■ INSTRUCTIONS FOR THE TASK
In the entries, find all lines that hold the word "Stone" and copy them.

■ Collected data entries
(* Let $(S,\cdot)$ be a discrete semigroup, let $\mathcal{F}$ be a filter on $S$ such that $\overline{\mathcal{F}}$ is a subsemigroup of $\beta S$, let $(X,\langle T_s\rangle_{s\in S})$ be a dynamical system, and let $x\in X$. Then for each $F\in\mathcal{F}$ there is an $\mathcal{F}$-uniformly recurrent point $y\in\overline{\{T_s(x): s\in F\}}$ such that $x$ and $y$ are $\mathcal{F}$-proximal.
   Context: $\beta S$ is the Stone–Čech compactification of $S$ with its right topological semigroup structure; $\overline{\mathcal{F}}=\bigcap_{F\in\mathcal{F}}\overline{F}$ is the set of ultrafilters containing $\mathcal{F}$. A dynamical system $(X,\langle T_s\rangle_{s\in S})$: $X$ compact Hausdorff, each $T_s$ continuous, $T_s\circ T_t=T_{st}$. A set $A\subseteq S$ is $\mathcal{F}$-syndetic if for every $F\in\mathcal{F}$ there is a finite $G\subseteq F$ with $\bigcup_{t\in G}t^{-1}A\in\mathcal{F}$. A point $y$ is $\mathcal{F}$-uniformly recurrent if for every neighbourhood $U$ of $y$, $\{s\in S:T_s(y)\in U\}$ is $\mathcal{F}$-syndetic. Points $x,y$ are $\mathcal{F}$-proximal if for every neighbourhood $U$ of the diagonal in $X\times X$ and every $F\in\mathcal{F}$ there is $s\in F$ with $(T_s(x),T_s(y))\in U$. *)

theory Defs
  imports "HOL-Analysis.Analysis"
begin

text \<open>Filters on S (the whole type 'a), represented as sets of subsets. Filters are proper.\<close>
definition is_filter :: "'a set set \<Rightarrow> bool" where
  "is_filter F \<longleftrightarrow> UNIV \<in> F \<and> {} \<notin> F \<and>
     (\<forall>A B. A \<in> F \<longrightarrow> B \<in> F \<longrightarrow> A \<inter> B \<in> F) \<and>
     (\<forall>A B. A \<in> F \<longrightarrow> A \<subseteq> B \<longrightarrow> B \<in> F)"

text \<open>Ultrafilters = points of the Stone-Cech compactification beta S.\<close>
definition is_ultrafilter :: "'a set set \<Rightarrow> bool" where
  "is_ultrafilter p \<longleftrightarrow> is_filter p \<and> (\<forall>A. A \<in> p \<or> - A \<in> p)"

definition lpre :: "'a::semigroup_mult \<Rightarrow> 'a set \<Rightarrow> 'a set" where
  "lpre t A = {s. t * s \<in> A}"

text \<open>Product in beta S (right topological convention): A \<in> p q iff {x. x^{-1}A \<in> q} \<in> p.\<close>
definition ult_mult :: "'a::semigroup_mult set set \<Rightarrow> 'a set set \<Rightarrow> 'a set set" where
  "ult_mult p q = {A. {x. lpre x A \<in> q} \<in> p}"

text \<open>The closure of a filter in beta S: all ultrafilters containing it.\<close>
definition filter_closure :: "'a set set \<Rightarrow> 'a set set set" where
  "filter_closure F = {p. is_ultrafilter p \<and> F \<subseteq> p}"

■ RESULT FOR THIS TASK
   Context: $\beta S$ is the Stone–Čech compactification of $S$ with its right topological semigroup structure; $\overline{\mathcal{F}}=\bigcap_{F\in\mathcal{F}}\overline{F}$ is the set of ultrafilters containing $\mathcal{F}$. A dynamical system $(X,\langle T_s\rangle_{s\in S})$: $X$ compact Hausdorff, each $T_s$ continuous, $T_s\circ T_t=T_{st}$. A set $A\subseteq S$ is $\mathcal{F}$-syndetic if for every $F\in\mathcal{F}$ there is a finite $G\subseteq F$ with $\bigcup_{t\in G}t^{-1}A\in\mathcal{F}$. A point $y$ is $\mathcal{F}$-uniformly recurrent if for every neighbourhood $U$ of $y$, $\{s\in S:T_s(y)\in U\}$ is $\mathcal{F}$-syndetic. Points $x,y$ are $\mathcal{F}$-proximal if for every neighbourhood $U$ of the diagonal in $X\times X$ and every $F\in\mathcal{F}$ there is $s\in F$ with $(T_s(x),T_s(y))\in U$. *)
text \<open>Ultrafilters = points of the Stone-Cech compactification beta S.\<close>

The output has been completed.